**TASK GOAL:**
Repeat the entries below exactly. Begin with the first line and end with the line that contains "As slope times".

(Stored data entries)

Segment Open

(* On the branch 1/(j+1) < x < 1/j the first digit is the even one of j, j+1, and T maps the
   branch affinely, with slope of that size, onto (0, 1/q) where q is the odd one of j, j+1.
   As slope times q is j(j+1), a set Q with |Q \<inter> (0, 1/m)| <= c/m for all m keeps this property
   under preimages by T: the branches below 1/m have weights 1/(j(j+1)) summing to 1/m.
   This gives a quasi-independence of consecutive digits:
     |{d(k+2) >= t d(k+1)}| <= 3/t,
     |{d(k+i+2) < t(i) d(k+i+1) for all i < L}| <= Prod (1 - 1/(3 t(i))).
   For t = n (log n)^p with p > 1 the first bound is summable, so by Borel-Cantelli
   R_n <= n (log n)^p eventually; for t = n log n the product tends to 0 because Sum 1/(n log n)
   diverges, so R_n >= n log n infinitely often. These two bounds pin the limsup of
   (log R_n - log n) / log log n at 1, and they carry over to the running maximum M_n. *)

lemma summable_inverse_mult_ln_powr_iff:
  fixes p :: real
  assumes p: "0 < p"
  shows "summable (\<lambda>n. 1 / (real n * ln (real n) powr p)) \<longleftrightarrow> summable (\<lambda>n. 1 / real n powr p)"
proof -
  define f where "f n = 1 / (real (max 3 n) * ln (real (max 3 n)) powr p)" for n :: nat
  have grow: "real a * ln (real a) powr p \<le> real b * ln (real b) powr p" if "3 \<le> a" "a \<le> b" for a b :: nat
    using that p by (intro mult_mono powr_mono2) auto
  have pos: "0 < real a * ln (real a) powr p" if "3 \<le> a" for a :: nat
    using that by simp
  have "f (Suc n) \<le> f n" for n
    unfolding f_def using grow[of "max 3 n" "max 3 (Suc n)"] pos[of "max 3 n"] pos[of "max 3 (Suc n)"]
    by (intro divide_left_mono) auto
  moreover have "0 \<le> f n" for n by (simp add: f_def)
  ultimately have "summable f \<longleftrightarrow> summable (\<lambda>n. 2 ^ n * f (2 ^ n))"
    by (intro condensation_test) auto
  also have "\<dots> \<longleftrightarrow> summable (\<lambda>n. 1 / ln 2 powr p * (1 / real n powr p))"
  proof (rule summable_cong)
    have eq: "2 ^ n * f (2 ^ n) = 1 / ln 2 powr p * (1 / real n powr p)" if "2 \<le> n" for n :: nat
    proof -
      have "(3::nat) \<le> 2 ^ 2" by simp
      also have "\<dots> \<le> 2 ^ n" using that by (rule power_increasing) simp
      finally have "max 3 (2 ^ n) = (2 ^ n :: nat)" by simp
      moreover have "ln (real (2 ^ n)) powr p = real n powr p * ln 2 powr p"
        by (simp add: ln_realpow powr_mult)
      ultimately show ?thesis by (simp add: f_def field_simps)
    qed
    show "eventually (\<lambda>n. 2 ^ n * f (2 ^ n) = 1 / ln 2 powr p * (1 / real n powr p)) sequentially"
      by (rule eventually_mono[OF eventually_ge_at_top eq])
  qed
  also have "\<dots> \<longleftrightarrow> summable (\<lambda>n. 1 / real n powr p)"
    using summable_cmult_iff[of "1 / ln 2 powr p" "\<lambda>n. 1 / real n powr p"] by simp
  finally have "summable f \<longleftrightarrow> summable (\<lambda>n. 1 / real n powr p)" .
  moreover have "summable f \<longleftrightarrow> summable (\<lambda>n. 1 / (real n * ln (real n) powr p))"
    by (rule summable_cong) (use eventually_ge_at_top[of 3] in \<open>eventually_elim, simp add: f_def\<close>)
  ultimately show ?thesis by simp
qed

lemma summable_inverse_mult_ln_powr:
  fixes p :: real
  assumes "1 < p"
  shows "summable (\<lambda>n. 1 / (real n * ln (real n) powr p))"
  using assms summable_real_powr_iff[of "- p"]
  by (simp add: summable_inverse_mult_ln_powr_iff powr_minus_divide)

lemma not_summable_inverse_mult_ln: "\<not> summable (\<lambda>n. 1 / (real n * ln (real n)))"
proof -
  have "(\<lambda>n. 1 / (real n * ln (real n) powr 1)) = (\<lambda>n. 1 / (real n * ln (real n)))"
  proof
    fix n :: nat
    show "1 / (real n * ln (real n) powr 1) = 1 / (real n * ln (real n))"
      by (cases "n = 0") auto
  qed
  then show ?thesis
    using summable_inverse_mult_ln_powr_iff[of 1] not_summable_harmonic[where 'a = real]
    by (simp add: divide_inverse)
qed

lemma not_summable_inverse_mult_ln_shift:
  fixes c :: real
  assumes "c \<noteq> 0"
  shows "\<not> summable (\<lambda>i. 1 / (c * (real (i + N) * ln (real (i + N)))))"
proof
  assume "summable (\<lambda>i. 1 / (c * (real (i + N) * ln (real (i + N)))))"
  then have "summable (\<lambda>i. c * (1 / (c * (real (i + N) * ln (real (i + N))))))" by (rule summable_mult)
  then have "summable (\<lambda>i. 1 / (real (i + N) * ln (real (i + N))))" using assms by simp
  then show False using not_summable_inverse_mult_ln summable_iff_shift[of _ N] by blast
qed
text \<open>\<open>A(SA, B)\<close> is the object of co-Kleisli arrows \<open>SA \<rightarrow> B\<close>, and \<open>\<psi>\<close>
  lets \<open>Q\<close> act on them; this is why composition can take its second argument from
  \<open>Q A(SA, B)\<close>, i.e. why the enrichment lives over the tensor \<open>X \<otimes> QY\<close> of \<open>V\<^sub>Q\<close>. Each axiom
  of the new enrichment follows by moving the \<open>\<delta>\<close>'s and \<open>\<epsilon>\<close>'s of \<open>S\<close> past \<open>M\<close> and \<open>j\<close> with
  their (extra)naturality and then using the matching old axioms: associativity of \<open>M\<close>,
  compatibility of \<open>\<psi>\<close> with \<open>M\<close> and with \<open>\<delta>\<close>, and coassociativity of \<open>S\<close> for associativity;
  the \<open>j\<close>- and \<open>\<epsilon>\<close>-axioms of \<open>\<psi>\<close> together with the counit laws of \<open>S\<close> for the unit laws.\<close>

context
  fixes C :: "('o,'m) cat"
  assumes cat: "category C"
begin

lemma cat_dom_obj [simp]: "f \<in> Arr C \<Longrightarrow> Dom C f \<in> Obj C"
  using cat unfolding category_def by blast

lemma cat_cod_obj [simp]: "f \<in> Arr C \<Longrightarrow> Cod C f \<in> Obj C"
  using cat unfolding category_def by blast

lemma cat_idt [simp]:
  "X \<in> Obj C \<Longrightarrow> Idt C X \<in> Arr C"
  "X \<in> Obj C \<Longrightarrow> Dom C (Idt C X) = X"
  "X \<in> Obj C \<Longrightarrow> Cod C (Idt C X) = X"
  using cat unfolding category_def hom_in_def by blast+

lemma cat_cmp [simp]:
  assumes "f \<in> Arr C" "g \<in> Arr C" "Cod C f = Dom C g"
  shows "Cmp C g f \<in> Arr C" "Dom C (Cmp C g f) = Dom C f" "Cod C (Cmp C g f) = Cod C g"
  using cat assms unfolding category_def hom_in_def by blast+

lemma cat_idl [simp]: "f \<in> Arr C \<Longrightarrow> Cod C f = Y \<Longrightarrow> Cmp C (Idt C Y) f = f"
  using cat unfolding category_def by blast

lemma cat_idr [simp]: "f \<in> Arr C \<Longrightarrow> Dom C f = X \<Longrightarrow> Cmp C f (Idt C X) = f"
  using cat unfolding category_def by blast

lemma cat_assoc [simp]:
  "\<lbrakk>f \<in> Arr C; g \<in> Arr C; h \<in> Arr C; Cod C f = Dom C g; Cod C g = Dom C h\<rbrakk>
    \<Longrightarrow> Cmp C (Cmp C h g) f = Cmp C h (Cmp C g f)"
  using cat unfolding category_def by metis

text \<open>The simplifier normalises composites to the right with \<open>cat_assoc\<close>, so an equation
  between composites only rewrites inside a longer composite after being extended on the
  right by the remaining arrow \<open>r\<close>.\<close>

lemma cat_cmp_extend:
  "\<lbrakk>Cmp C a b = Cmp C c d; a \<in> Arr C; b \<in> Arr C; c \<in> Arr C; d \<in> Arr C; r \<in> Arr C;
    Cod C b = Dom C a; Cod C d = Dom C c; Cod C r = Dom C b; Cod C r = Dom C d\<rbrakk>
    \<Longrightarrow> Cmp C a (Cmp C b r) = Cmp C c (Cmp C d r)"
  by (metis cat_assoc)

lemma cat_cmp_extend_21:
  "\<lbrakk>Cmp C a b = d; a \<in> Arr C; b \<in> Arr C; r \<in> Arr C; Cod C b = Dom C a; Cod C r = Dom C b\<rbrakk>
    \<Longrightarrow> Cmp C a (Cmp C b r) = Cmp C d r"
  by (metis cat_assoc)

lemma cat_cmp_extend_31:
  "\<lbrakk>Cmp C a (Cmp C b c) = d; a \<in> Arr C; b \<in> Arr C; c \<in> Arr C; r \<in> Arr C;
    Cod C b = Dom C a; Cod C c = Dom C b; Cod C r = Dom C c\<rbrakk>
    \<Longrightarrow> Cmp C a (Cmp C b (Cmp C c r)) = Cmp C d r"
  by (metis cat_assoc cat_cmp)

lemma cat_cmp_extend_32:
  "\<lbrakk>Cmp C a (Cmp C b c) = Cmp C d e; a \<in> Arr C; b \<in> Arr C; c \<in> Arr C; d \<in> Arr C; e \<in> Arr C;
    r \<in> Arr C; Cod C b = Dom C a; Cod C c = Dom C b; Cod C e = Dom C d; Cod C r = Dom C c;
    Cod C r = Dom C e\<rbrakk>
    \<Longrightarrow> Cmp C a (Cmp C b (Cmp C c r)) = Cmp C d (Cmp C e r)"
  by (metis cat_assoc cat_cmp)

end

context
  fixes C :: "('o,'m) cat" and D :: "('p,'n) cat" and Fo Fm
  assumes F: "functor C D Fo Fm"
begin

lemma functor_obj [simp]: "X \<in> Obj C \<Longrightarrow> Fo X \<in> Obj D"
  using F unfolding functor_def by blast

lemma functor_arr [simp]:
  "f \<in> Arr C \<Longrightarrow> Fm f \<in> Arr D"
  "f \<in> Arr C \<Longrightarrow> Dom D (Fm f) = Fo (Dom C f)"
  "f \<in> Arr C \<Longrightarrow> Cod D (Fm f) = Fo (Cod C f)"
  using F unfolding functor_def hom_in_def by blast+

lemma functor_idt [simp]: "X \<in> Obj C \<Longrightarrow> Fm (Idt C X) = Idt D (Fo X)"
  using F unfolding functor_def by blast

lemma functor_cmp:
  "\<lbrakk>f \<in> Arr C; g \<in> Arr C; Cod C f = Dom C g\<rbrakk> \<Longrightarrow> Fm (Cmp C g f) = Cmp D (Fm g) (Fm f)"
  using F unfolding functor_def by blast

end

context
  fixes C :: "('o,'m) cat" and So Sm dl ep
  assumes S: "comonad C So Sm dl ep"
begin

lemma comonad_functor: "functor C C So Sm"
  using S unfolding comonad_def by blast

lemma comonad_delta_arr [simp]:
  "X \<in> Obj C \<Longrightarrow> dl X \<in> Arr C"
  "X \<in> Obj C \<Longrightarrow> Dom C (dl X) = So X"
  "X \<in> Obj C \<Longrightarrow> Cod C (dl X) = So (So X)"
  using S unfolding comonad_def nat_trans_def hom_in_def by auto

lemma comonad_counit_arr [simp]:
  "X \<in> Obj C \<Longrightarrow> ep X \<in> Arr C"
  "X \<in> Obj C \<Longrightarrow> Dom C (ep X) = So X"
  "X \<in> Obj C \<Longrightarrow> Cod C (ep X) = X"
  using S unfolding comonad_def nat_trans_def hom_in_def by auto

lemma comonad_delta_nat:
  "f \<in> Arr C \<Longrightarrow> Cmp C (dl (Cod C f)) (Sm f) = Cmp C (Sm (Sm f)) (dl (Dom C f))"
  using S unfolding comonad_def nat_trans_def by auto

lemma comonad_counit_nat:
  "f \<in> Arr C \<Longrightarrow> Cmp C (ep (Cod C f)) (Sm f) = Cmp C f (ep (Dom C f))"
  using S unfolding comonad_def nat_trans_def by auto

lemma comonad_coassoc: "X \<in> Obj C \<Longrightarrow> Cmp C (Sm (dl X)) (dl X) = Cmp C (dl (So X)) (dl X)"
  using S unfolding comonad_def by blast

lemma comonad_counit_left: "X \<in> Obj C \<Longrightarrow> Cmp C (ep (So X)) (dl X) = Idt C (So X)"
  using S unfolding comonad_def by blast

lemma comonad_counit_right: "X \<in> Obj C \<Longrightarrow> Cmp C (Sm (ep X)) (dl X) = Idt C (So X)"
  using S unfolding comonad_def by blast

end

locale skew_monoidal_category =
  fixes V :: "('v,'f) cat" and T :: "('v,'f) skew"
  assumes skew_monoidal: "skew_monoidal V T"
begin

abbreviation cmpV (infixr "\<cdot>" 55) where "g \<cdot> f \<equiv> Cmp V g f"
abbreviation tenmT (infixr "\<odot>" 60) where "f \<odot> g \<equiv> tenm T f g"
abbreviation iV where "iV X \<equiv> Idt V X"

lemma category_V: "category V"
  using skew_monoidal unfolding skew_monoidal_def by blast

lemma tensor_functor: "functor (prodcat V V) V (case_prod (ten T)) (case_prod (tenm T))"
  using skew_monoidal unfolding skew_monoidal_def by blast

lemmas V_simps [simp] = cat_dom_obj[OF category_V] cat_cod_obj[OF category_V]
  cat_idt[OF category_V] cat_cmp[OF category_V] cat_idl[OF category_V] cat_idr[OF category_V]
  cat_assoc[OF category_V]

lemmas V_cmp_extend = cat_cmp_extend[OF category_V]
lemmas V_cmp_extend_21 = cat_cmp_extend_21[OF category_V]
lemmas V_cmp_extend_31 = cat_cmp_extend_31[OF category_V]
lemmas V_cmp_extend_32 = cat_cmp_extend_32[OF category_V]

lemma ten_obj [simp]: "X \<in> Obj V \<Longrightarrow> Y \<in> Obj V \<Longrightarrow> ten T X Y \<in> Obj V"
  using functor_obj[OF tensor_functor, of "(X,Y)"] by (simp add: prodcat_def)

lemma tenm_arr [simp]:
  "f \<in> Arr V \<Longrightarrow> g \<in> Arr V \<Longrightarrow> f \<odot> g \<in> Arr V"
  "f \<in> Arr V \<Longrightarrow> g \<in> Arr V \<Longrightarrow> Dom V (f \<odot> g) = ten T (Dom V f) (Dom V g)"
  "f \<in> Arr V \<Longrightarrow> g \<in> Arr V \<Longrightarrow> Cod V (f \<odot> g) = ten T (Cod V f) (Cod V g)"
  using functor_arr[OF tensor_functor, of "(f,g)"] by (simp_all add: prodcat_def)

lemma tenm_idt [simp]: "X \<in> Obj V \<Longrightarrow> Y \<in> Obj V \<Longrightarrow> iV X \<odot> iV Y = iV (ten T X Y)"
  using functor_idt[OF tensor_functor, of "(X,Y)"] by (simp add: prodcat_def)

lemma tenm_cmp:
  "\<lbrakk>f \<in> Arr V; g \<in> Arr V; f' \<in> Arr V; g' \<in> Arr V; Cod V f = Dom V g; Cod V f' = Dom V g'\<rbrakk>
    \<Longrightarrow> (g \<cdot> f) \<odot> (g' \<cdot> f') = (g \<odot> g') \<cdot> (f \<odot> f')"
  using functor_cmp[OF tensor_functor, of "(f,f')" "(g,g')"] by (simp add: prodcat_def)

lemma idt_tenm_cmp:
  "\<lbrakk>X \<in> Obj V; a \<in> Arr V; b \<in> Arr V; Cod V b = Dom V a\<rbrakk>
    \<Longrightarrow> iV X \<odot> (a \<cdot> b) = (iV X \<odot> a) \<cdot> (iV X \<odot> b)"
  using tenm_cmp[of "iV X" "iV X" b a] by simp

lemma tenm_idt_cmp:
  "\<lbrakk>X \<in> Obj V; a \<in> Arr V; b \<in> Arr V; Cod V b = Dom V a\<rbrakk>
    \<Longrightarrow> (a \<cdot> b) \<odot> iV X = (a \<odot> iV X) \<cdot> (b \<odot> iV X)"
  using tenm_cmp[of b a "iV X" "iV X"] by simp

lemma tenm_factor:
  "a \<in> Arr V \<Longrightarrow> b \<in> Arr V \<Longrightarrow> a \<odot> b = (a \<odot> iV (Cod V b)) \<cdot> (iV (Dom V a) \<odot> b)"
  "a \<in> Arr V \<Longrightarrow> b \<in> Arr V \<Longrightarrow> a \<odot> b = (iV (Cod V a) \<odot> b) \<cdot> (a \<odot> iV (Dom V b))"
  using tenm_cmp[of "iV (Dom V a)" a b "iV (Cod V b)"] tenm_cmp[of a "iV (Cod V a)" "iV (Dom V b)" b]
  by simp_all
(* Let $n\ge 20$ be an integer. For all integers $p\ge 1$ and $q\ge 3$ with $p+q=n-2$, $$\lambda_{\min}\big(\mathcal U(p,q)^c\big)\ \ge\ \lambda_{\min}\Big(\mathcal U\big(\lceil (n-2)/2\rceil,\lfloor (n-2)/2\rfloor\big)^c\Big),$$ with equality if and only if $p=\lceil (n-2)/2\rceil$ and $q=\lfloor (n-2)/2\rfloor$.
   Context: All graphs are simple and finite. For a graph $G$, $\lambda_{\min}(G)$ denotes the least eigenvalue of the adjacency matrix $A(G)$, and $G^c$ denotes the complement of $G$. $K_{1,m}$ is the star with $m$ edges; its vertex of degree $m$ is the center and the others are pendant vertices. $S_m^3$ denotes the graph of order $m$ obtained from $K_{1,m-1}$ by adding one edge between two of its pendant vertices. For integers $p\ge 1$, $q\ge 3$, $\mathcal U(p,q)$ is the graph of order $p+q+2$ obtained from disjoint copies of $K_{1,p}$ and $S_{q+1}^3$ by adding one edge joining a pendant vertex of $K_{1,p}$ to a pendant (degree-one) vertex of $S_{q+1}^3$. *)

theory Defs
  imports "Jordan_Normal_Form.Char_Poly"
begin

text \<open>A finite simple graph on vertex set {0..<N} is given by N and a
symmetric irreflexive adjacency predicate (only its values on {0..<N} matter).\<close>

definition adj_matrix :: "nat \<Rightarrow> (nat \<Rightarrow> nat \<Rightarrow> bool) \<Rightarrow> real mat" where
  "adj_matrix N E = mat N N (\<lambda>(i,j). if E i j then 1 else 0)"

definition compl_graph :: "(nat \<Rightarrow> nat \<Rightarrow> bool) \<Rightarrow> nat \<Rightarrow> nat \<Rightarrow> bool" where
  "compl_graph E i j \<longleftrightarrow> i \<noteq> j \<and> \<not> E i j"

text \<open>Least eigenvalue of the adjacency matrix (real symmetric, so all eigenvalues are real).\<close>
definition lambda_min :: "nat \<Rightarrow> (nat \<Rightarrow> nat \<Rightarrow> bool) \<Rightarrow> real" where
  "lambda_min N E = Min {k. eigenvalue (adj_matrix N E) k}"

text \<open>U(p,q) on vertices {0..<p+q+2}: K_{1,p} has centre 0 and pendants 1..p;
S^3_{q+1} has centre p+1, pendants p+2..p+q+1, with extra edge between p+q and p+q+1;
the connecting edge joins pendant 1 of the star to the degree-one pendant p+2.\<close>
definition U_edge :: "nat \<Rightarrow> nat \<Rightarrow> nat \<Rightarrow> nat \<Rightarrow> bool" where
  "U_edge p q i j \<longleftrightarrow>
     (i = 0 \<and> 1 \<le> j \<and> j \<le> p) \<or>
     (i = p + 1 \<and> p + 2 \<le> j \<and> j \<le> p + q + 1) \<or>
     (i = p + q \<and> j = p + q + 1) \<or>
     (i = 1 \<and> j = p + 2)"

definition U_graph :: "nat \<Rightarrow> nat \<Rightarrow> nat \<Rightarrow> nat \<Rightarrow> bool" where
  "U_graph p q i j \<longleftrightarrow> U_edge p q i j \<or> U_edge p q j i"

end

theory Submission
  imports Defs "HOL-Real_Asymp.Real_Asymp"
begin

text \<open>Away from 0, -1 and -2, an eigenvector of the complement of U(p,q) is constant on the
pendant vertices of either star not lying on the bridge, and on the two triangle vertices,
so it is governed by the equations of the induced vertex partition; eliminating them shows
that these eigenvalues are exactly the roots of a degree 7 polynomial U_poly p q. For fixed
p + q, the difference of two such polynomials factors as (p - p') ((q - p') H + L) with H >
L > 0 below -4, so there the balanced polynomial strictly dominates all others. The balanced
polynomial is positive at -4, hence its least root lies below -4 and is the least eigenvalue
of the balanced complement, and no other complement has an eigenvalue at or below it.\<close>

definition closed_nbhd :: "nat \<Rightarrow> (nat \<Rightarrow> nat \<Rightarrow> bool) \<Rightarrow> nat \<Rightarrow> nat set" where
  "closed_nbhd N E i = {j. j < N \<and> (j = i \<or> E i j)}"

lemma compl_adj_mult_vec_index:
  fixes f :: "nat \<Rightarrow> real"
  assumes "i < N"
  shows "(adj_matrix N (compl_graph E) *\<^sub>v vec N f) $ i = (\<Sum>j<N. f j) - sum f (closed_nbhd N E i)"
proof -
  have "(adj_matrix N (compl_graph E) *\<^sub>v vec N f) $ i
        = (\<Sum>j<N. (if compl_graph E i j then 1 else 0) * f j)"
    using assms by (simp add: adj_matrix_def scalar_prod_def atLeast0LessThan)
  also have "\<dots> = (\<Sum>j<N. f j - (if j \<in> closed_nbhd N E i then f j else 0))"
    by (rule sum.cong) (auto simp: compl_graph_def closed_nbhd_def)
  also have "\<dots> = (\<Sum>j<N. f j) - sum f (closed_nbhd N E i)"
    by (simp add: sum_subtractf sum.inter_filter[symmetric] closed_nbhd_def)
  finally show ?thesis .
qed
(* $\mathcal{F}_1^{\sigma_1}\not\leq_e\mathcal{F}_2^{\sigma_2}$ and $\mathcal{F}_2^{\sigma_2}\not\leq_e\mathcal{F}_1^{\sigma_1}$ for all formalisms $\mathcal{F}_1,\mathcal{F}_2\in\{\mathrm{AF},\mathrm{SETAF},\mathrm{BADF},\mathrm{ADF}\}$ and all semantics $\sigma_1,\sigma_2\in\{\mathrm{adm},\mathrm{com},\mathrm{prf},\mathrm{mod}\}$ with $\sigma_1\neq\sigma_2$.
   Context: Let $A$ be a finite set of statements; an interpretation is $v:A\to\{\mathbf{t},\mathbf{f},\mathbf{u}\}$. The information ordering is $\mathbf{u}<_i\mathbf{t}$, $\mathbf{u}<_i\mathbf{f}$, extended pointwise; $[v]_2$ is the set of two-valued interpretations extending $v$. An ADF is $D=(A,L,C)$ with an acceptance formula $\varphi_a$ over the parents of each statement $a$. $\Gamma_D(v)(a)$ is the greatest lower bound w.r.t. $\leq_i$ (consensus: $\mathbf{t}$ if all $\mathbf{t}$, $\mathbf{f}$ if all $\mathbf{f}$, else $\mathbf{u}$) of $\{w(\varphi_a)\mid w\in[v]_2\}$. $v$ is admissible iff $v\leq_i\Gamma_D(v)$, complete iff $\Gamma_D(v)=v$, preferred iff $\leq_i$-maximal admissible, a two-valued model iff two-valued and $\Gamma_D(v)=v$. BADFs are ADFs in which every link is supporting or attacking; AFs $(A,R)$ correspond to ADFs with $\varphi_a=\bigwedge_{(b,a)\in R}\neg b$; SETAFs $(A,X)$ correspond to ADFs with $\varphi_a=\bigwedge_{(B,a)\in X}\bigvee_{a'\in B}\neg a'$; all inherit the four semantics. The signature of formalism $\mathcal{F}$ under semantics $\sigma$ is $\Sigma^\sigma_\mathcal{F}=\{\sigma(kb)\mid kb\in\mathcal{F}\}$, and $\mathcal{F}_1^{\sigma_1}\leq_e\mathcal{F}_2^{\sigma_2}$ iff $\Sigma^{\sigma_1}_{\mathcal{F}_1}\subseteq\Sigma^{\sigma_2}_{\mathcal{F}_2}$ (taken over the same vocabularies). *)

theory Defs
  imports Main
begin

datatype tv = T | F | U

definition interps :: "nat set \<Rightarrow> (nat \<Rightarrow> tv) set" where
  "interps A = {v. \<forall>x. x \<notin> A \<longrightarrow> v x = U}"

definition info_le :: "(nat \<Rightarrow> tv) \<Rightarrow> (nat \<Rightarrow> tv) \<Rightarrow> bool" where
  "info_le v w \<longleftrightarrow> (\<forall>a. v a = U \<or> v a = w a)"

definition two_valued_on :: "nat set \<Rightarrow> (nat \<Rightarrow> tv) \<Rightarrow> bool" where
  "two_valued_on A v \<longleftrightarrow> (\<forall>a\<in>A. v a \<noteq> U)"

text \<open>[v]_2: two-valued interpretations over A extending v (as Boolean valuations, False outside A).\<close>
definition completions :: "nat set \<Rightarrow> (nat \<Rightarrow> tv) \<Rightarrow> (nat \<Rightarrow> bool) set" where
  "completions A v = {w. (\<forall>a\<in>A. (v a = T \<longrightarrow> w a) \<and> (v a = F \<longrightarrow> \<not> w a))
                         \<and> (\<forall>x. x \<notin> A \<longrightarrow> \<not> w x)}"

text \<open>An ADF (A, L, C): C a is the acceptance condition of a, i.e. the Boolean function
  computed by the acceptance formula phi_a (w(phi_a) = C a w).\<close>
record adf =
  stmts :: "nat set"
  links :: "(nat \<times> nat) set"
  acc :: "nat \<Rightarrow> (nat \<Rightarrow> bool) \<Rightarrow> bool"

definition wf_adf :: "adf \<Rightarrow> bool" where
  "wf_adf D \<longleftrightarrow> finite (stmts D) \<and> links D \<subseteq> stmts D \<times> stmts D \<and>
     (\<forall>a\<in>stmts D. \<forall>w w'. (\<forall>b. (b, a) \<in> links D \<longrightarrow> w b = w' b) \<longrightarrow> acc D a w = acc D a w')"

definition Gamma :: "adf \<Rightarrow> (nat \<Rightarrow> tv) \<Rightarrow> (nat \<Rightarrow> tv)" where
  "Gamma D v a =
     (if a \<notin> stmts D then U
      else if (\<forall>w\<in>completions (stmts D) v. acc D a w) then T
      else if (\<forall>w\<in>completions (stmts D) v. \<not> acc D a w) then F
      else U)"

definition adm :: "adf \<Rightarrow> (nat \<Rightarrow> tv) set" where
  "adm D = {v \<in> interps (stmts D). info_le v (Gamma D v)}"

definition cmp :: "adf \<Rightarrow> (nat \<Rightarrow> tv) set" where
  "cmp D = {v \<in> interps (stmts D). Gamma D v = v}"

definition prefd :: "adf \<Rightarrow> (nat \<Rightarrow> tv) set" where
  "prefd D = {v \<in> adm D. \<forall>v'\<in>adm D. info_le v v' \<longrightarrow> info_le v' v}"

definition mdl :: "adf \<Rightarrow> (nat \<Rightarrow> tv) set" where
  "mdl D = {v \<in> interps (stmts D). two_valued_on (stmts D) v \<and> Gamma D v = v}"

Segment Closed

**RESPONSE TO THE TASK:**
(* On the branch 1/(j+1) < x < 1/j the first digit is the even one of j, j+1, and T maps the
   branch affinely, with slope of that size, onto (0, 1/q) where q is the odd one of j, j+1.
   As slope times q is j(j+1), a set Q with |Q \<inter> (0, 1/m)| <= c/m for all m keeps this property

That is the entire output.